= Robert Ford (sportscaster) =

American sportscaster

Robert Ford is an American sportscaster who is the play-by-play commentator for Houston Astros radio broadcasts.

==Broadcast career==
Before moving up to the booth, Ford hosted the Astros' pregame and postgame radio shows. He performed the same role with the Kansas City Royals before coming to Houston. He joined the Royals in 2009. He previously was a baseball play-by-play announcer for the Binghamton Mets, Yakima Bears, and Kalamazoo Kings. Outside baseball, he called Binghamton Bearcats women's and select men's basketball games. He also called select high school football and basketball games for WCDO in New York. In 2003 and 2004, Ford was named Frontier League Broadcaster of the Year.

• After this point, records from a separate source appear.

(* Consider a finite reward-free MDP with occupancy polytope $\Phi$, let $d_e^\star\in\Phi$, $\delta\ge0$, and let $\mathcal D=\{(d_e^k,\epsilon^k)\}_{k=1}^K$ with $d_e^k\in\Phi$, $\epsilon^k\ge0$. Let $\tilde r$ be a reward with $\mathrm{subopt}(\tilde r,d_e^\star)>\delta$. Suppose there exist $r'\in\mathcal R(d_e^\star)$ and $k\in[K]$ such that \[(\tilde r-r')^\top(d_e^\star-d_e^k)\ge0\quad\text{and}\quad\mathrm{subopt}(r',d_e^k)\in[\epsilon^k-\delta,\epsilon^k].\] Then $\mathrm{subopt}(\tilde r,d_e^k)>\epsilon^k$.
   Context: The MDP has finite $S$, $A$, transitions $P$, initial distribution $\mu_0$, discount $\gamma\in(0,1)$; $(Md)(s)=\sum_a d(s,a)-\gamma\sum_{s',a'}P(s\mid s',a')d(s',a')$ and $\Phi=\{d\ge0:Md=(1-\gamma)\mu_0\}$. Rewards are $r\in\Delta(S\times A)$. $\mathrm{subopt}(r,d):=\max_{\tilde d\in\Phi}r^\top\tilde d-r^\top d$; $\mathcal R(d_e^\star):=\{r\in\Delta(S\times A):\mathrm{subopt}(r,d_e^\star)=0\}$. *)

theory Defs
  imports "HOL-Analysis.Analysis"
begin

text \<open>Finite MDP: states 's, actions 'a (finite types). P s' a s is the probability of
moving to s from s' under action a. Occupancy measures / rewards are functions on 's \<times> 'a.\<close>

definition is_mdp :: "('s::finite \<Rightarrow> 'a::finite \<Rightarrow> 's \<Rightarrow> real) \<Rightarrow> ('s \<Rightarrow> real) \<Rightarrow> real \<Rightarrow> bool" where
  "is_mdp P mu0 \<gamma> \<longleftrightarrow> (\<forall>s' a s. P s' a s \<ge> 0) \<and> (\<forall>s' a. (\<Sum>s\<in>UNIV. P s' a s) = 1)
     \<and> (\<forall>s. mu0 s \<ge> 0) \<and> (\<Sum>s\<in>UNIV. mu0 s) = 1 \<and> 0 < \<gamma> \<and> \<gamma> < 1"

definition flowM :: "('s::finite \<Rightarrow> 'a::finite \<Rightarrow> 's \<Rightarrow> real) \<Rightarrow> real \<Rightarrow> ('s \<times> 'a \<Rightarrow> real) \<Rightarrow> 's \<Rightarrow> real" where
  "flowM P \<gamma> d s = (\<Sum>a\<in>UNIV. d (s, a)) - \<gamma> * (\<Sum>s'\<in>UNIV. \<Sum>a'\<in>UNIV. P s' a' s * d (s', a'))"

definition occ_polytope :: "('s::finite \<Rightarrow> 'a::finite \<Rightarrow> 's \<Rightarrow> real) \<Rightarrow> ('s \<Rightarrow> real) \<Rightarrow> real \<Rightarrow> ('s \<times> 'a \<Rightarrow> real) set" where
  "occ_polytope P mu0 \<gamma> = {d. (\<forall>x. d x \<ge> 0) \<and> (\<forall>s. flowM P \<gamma> d s = (1 - \<gamma>) * mu0 s)}"

definition inner_sa :: "('s::finite \<times> 'a::finite \<Rightarrow> real) \<Rightarrow> ('s \<times> 'a \<Rightarrow> real) \<Rightarrow> real" where
  "inner_sa r d = (\<Sum>x\<in>UNIV. r x * d x)"

definition is_reward :: "('s::finite \<times> 'a::finite \<Rightarrow> real) \<Rightarrow> bool" where
  "is_reward r \<longleftrightarrow> (\<forall>x. r x \<ge> 0) \<and> (\<Sum>x\<in>UNIV. r x) = 1"

definition subopt :: "('s::finite \<Rightarrow> 'a::finite \<Rightarrow> 's \<Rightarrow> real) \<Rightarrow> ('s \<Rightarrow> real) \<Rightarrow> real
     \<Rightarrow> ('s \<times> 'a \<Rightarrow> real) \<Rightarrow> ('s \<times> 'a \<Rightarrow> real) \<Rightarrow> real" where
  "subopt P mu0 \<gamma> r d = (SUP d'\<in>occ_polytope P mu0 \<gamma>. inner_sa r d') - inner_sa r d"

definition feasible_rewards :: "('s::finite \<Rightarrow> 'a::finite \<Rightarrow> 's \<Rightarrow> real) \<Rightarrow> ('s \<Rightarrow> real) \<Rightarrow> real
     \<Rightarrow> ('s \<times> 'a \<Rightarrow> real) \<Rightarrow> ('s \<times> 'a \<Rightarrow> real) set" where
  "feasible_rewards P mu0 \<gamma> de = {r. is_reward r \<and> subopt P mu0 \<gamma> r de = 0}"

end

theory Submission
  imports Defs
begin

(* Moving the evaluated occupancy measure changes the suboptimality of a fixed reward only
   through the linear term, since the optimal value cancels. Hence
   subopt(rt, dk) - subopt(rt, de) = rt^T (de - dk) >= r'^T (de - dk) = subopt(r', dk) - subopt(r', de),
   and the right-hand side is at least eps k - delta because r' is optimal for de. *)

lemma inner_sa_diff_left:
  "inner_sa (\<lambda>x. r x - r' x) d = inner_sa r d - inner_sa r' d"
  unfolding inner_sa_def by (simp add: left_diff_distrib sum_subtractf)

lemma inner_sa_diff_right:
  "inner_sa r (\<lambda>x. d x - d' x) = inner_sa r d - inner_sa r d'"
  unfolding inner_sa_def by (simp add: right_diff_distrib sum_subtractf)

lemma subopt_diff:
  "subopt P mu0 \<gamma> r d' - subopt P mu0 \<gamma> r d = inner_sa r (\<lambda>x. d x - d' x)"
  unfolding subopt_def inner_sa_diff_right by simp

theorem mainTheorem8:
  fixes P :: "'s::finite \<Rightarrow> 'a::finite \<Rightarrow> 's \<Rightarrow> real" and mu0 :: "'s \<Rightarrow> real" and \<gamma> :: real
    and de :: "'s \<times> 'a \<Rightarrow> real" and \<delta> :: real and K :: nat
    and dk :: "nat \<Rightarrow> 's \<times> 'a \<Rightarrow> real" and eps :: "nat \<Rightarrow> real"
    and rt r' :: "'s \<times> 'a \<Rightarrow> real" and k :: nat
  assumes "is_mdp P mu0 \<gamma>"
    and "de \<in> occ_polytope P mu0 \<gamma>"
    and "\<delta> \<ge> 0"
    and "\<forall>j\<in>{1..K}. dk j \<in> occ_polytope P mu0 \<gamma> \<and> eps j \<ge> 0"
    and "is_reward rt"
    and "subopt P mu0 \<gamma> rt de > \<delta>"
    and "r' \<in> feasible_rewards P mu0 \<gamma> de"
    and "k \<in> {1..K}"
    and "inner_sa (\<lambda>x. rt x - r' x) (\<lambda>x. de x - dk k x) \<ge> 0"
    and "eps k - \<delta> \<le> subopt P mu0 \<gamma> r' (dk k)"
    and "subopt P mu0 \<gamma> r' (dk k) \<le> eps k"
  shows "subopt P mu0 \<gamma> rt (dk k) > eps k"
proof -
  let ?gap = "\<lambda>r. inner_sa r (\<lambda>x. de x - dk k x)"
  have r'_optimal: "subopt P mu0 \<gamma> r' de = 0"
    using assms(7) by (simp add: feasible_rewards_def)
  have "eps k - \<delta> \<le> subopt P mu0 \<gamma> r' (dk k) - subopt P mu0 \<gamma> r' de"
    using assms(10) r'_optimal by simp
  also have "\<dots> = ?gap r'"
    by (rule subopt_diff)
  also have "\<dots> \<le> ?gap rt"
    using assms(9) by (simp add: inner_sa_diff_left)
  also have "\<dots> = subopt P mu0 \<gamma> rt (dk k) - subopt P mu0 \<gamma> rt de"
    by (rule subopt_diff[symmetric])
  finally show ?thesis
    using assms(6) by linarith
qed

end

Ford became the Astros radio play-by-play broadcaster in 2013, working alongside Steve Sparks. They replaced Dave Raymond and Brett Dolan. Ford was named the Texas Broadcaster of the Year in 2022 by the National Sports Media Association.

==Personal life==
Ford grew up in The Bronx and attended The Bronx High School of Science before attending the Newhouse School of Public Communications at Syracuse University, graduating with a bachelor's degree in broadcasting journalism in 2001. He is the son of music journalist and songwriter Robert Ford Jr.

Ford has a daughter.

While working in Kansas City, Ford met fellow African American play-by-play broadcaster Dave Sims, who became a friend and mentor.